**What you need to do**
Nothing outside the stretch is wanted. Repeat exactly the lines of the listing below from the one that contains "two distinct geodesics" through the one that contains "section \<open>Matrices and", both ends included.

**Dataset extract**

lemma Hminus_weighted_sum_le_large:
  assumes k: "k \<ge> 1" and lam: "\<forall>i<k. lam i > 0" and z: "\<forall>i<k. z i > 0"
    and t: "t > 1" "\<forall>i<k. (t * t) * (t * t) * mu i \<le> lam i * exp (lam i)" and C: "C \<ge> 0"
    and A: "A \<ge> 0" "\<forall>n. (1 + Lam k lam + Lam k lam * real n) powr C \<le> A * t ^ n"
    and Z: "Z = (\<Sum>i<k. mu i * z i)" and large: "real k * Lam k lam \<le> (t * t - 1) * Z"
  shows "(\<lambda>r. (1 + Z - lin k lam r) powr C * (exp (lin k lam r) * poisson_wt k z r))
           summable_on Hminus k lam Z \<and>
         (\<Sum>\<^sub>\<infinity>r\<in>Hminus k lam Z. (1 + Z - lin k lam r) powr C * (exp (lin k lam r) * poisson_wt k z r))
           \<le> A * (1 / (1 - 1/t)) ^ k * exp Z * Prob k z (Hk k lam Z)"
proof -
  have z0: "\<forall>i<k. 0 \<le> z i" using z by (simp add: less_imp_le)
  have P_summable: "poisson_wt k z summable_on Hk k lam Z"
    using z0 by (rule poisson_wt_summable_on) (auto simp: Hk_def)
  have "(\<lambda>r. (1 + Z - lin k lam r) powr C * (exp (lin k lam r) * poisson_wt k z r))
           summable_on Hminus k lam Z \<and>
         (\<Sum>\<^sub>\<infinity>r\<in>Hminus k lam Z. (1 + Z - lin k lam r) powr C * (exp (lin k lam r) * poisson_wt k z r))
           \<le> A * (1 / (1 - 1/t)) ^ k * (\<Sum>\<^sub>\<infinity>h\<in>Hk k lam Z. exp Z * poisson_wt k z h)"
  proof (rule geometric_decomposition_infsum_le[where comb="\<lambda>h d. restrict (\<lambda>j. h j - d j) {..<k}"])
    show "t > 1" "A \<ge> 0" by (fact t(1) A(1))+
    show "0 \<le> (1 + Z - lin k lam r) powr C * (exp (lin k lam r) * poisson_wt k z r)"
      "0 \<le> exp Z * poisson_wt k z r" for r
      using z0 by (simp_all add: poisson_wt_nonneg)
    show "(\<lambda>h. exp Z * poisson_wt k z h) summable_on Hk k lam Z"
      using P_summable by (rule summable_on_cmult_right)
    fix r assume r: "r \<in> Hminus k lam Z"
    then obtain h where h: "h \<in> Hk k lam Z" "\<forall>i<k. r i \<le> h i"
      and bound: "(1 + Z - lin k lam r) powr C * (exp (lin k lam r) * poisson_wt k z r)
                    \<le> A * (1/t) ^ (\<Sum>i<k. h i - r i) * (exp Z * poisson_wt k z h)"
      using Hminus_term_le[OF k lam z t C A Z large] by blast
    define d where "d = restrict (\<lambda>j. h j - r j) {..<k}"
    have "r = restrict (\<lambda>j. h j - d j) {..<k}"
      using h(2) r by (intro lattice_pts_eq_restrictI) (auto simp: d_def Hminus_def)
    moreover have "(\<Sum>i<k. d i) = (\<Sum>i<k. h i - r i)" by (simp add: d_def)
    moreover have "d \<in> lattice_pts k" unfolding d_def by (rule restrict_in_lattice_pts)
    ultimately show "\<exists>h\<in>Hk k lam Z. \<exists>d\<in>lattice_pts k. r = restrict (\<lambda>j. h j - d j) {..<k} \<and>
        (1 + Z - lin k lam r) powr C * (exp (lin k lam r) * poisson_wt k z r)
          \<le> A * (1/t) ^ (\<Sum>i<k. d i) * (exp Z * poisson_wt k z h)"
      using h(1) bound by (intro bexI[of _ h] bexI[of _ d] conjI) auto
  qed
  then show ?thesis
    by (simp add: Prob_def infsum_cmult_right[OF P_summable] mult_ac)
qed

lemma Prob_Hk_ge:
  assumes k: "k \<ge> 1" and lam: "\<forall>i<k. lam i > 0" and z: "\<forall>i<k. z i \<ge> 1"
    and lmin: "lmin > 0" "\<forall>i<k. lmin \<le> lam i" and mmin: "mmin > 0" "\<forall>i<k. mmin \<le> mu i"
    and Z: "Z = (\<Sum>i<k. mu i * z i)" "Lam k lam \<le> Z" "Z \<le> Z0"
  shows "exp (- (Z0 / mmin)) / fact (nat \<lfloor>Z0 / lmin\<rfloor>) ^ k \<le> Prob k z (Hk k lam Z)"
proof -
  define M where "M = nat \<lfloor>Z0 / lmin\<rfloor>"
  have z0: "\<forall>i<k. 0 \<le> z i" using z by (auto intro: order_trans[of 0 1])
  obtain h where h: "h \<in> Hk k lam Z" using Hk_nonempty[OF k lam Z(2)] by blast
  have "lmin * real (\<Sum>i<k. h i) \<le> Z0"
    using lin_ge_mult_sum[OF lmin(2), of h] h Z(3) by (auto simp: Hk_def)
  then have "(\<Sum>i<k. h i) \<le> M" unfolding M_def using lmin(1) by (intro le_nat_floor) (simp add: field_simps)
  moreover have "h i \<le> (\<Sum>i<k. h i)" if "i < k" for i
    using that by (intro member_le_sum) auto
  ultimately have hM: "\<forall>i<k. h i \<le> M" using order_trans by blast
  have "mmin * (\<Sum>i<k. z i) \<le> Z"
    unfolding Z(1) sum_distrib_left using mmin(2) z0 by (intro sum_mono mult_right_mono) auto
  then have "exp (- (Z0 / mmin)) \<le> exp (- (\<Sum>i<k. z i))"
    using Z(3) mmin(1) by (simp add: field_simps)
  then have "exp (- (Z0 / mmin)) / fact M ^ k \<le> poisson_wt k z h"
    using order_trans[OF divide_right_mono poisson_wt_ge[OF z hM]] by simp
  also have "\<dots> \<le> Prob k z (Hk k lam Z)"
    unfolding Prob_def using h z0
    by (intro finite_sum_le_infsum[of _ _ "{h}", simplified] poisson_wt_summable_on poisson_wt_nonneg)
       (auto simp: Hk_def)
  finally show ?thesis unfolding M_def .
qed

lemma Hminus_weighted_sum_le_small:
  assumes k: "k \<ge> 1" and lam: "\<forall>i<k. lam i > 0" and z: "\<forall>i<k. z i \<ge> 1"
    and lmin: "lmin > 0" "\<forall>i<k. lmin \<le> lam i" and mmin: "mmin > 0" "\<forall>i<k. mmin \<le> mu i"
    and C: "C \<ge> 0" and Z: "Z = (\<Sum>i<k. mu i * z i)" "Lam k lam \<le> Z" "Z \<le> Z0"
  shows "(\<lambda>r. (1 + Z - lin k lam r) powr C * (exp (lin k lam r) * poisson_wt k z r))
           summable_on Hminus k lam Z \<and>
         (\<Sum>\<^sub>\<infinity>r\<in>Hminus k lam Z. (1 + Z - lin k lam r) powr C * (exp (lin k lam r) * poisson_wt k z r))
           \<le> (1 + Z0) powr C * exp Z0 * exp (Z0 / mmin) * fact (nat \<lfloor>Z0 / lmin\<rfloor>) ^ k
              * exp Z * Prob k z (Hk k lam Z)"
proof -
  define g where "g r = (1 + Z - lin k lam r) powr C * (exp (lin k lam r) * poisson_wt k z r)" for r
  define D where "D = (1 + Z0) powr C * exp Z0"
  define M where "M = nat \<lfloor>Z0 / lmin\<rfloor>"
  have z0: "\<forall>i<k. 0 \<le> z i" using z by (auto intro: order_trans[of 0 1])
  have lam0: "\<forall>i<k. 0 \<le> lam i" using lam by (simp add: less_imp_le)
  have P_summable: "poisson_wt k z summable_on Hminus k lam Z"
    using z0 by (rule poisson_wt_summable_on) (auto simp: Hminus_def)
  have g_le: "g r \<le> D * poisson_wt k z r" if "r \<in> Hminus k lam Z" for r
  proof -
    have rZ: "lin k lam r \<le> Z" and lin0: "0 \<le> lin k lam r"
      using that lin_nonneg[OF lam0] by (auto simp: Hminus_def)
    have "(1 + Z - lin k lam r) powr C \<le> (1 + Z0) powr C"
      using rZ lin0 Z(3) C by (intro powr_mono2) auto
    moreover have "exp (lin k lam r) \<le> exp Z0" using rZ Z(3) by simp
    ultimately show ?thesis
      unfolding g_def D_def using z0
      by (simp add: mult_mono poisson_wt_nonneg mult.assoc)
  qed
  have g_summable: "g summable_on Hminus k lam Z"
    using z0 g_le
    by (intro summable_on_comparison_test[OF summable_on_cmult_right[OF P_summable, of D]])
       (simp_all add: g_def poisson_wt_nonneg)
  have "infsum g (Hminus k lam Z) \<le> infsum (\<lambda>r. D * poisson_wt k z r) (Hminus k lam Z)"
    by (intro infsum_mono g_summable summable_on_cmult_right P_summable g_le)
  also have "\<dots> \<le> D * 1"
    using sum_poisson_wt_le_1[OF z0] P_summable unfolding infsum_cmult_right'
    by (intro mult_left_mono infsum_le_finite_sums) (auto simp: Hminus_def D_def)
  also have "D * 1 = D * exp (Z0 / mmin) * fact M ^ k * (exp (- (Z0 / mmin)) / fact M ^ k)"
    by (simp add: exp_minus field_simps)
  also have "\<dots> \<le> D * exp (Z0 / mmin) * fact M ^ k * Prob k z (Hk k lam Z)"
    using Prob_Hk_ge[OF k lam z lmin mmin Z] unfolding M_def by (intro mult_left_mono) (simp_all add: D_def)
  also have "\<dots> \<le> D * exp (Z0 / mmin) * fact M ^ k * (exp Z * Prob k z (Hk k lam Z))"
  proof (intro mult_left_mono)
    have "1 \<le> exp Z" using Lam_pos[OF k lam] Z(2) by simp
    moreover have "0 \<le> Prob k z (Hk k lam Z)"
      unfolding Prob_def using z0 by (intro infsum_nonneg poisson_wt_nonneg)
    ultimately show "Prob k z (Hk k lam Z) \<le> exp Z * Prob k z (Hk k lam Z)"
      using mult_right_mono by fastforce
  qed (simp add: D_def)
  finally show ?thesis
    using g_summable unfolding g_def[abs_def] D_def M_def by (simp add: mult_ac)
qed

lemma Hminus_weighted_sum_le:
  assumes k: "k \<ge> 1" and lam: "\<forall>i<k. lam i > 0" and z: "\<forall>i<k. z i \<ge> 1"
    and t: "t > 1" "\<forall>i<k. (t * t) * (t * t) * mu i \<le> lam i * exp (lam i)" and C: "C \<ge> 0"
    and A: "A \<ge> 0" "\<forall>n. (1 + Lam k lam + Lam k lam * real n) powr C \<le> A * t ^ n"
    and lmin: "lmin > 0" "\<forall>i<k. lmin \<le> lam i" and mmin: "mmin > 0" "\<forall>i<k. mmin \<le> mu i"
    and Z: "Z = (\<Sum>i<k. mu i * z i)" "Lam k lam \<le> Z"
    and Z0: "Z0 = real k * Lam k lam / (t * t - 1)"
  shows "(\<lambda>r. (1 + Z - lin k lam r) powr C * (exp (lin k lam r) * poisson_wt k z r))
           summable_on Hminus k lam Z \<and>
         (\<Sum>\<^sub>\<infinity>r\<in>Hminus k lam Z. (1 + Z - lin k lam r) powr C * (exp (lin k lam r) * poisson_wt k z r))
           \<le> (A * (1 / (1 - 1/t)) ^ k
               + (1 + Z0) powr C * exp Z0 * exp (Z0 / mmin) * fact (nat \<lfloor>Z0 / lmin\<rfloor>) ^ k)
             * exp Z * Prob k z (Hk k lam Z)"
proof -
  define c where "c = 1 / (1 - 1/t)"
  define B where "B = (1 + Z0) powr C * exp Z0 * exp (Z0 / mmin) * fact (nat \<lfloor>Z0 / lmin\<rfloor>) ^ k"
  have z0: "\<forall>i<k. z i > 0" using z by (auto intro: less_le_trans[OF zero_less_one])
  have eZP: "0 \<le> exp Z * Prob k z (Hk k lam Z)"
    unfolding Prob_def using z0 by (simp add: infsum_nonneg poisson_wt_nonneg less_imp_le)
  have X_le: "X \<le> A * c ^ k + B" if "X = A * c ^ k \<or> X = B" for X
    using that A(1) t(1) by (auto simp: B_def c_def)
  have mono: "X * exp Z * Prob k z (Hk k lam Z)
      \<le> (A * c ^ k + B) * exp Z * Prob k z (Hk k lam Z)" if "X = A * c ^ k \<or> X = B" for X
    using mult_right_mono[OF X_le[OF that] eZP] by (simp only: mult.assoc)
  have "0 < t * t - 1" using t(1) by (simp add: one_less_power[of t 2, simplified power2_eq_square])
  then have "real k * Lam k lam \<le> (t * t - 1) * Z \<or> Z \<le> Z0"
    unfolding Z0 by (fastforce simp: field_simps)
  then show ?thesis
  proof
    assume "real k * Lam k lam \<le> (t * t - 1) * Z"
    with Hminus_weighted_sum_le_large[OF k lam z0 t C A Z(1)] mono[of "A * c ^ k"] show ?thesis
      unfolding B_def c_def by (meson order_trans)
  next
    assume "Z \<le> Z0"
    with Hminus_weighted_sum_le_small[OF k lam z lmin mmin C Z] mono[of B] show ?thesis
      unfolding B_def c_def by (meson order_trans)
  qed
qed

==

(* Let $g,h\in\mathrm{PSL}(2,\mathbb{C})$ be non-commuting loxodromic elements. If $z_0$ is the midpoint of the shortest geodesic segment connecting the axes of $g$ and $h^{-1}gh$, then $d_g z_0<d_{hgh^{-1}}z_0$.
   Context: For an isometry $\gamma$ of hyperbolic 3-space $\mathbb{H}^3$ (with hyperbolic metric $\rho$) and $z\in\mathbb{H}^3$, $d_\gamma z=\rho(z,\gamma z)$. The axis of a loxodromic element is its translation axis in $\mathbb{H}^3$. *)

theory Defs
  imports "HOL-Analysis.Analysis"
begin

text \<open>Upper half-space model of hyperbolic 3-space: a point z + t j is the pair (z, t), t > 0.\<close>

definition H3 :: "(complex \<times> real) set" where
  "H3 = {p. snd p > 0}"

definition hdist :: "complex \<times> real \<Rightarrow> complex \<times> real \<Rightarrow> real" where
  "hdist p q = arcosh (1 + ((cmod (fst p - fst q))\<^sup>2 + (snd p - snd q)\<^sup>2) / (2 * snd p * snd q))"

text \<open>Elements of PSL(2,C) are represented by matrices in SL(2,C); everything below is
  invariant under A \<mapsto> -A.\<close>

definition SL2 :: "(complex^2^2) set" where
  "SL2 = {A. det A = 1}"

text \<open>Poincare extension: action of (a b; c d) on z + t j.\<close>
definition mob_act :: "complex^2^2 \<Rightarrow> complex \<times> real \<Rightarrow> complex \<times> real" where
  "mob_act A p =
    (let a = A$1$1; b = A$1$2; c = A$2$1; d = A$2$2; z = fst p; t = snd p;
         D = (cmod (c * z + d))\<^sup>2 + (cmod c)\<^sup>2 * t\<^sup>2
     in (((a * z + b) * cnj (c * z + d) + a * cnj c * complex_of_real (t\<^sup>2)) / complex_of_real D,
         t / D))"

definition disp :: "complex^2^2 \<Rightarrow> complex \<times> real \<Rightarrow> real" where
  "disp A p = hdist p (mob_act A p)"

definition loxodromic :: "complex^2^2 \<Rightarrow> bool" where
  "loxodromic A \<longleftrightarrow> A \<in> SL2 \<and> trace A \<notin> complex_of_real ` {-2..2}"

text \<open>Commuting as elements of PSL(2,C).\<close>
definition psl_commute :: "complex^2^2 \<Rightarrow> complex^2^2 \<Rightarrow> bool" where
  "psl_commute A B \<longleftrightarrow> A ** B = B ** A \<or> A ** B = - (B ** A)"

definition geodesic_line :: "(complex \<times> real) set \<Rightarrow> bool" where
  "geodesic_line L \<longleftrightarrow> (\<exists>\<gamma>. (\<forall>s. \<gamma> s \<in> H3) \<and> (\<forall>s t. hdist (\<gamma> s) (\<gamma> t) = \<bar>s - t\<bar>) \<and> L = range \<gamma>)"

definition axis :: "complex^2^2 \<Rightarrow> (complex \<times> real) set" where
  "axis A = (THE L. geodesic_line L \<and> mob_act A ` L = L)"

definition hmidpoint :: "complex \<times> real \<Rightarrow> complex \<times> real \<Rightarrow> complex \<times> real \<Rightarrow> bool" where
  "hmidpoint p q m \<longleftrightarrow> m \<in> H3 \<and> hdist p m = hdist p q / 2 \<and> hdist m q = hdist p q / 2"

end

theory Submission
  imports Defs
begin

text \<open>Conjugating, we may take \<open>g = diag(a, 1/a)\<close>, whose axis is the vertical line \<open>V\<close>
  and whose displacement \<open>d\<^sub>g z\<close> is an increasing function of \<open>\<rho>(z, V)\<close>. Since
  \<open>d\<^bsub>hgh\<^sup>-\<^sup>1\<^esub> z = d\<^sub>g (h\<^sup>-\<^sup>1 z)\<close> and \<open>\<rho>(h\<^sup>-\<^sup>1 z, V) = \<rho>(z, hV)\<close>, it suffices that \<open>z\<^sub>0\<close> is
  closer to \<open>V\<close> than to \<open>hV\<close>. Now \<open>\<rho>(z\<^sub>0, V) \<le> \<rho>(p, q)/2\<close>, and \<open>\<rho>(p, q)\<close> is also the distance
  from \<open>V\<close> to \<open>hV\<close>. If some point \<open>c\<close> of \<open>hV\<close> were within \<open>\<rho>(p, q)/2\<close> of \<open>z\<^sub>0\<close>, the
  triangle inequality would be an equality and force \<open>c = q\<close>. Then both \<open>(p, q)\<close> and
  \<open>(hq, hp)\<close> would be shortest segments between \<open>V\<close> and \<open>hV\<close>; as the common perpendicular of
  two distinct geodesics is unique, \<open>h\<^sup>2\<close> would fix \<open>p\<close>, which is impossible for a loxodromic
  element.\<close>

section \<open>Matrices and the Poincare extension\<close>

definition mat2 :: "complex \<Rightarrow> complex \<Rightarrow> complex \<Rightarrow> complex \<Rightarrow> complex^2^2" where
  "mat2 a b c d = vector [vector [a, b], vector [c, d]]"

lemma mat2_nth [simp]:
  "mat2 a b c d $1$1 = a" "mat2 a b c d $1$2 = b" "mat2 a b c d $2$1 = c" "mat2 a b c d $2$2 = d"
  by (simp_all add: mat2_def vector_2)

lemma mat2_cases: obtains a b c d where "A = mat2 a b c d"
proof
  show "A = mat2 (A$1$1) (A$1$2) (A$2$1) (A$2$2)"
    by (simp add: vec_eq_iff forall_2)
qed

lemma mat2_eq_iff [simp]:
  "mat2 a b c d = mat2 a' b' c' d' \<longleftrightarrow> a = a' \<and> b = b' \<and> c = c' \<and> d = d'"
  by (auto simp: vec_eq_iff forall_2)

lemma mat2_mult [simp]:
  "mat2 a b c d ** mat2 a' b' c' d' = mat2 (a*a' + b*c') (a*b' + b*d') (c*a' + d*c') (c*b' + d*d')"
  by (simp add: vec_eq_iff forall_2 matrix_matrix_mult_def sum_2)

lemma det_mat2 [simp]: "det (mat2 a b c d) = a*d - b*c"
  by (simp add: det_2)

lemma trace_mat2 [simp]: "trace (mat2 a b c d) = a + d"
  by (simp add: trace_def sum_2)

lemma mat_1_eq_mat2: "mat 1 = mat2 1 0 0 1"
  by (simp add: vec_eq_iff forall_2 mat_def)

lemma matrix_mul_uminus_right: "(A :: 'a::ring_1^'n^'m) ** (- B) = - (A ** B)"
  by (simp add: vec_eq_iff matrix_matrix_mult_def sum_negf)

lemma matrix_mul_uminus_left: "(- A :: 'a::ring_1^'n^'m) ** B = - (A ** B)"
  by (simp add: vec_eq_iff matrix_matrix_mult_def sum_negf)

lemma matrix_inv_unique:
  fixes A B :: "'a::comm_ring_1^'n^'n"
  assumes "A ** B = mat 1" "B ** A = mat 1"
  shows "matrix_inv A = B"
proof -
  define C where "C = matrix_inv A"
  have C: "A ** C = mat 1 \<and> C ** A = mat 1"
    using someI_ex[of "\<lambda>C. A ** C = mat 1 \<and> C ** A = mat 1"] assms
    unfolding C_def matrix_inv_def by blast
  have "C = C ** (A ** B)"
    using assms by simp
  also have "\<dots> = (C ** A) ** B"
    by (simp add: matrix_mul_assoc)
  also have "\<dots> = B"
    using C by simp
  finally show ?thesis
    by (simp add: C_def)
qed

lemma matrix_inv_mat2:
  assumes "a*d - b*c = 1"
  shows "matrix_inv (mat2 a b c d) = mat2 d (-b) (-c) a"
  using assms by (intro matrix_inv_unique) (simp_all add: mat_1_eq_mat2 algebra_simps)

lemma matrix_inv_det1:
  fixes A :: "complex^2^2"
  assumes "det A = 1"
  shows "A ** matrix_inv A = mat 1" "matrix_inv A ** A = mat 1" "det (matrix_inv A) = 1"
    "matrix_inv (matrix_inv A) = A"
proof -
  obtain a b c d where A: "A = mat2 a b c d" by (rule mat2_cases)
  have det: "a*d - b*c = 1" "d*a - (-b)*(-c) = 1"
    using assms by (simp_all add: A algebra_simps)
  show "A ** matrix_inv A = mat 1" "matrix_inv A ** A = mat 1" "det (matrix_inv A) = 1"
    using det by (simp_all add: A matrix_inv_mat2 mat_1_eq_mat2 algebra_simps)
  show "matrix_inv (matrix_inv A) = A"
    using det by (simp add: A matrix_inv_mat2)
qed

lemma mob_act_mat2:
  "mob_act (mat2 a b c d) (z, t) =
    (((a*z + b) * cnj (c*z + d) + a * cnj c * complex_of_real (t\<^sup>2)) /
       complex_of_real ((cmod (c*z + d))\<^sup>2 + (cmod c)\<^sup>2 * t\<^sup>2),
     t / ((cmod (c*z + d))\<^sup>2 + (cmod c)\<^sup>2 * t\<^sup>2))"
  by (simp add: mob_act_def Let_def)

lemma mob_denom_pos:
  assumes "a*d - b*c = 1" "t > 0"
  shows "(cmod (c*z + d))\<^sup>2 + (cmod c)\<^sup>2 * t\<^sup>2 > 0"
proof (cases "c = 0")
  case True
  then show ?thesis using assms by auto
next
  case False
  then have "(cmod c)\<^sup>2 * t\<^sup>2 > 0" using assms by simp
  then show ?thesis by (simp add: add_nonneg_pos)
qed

**Response to the task**
  two distinct geodesics is unique, \<open>h\<^sup>2\<close> would fix \<open>p\<close>, which is impossible for a loxodromic
  element.\<close>

section \<open>Matrices and the Poincare extension\<close>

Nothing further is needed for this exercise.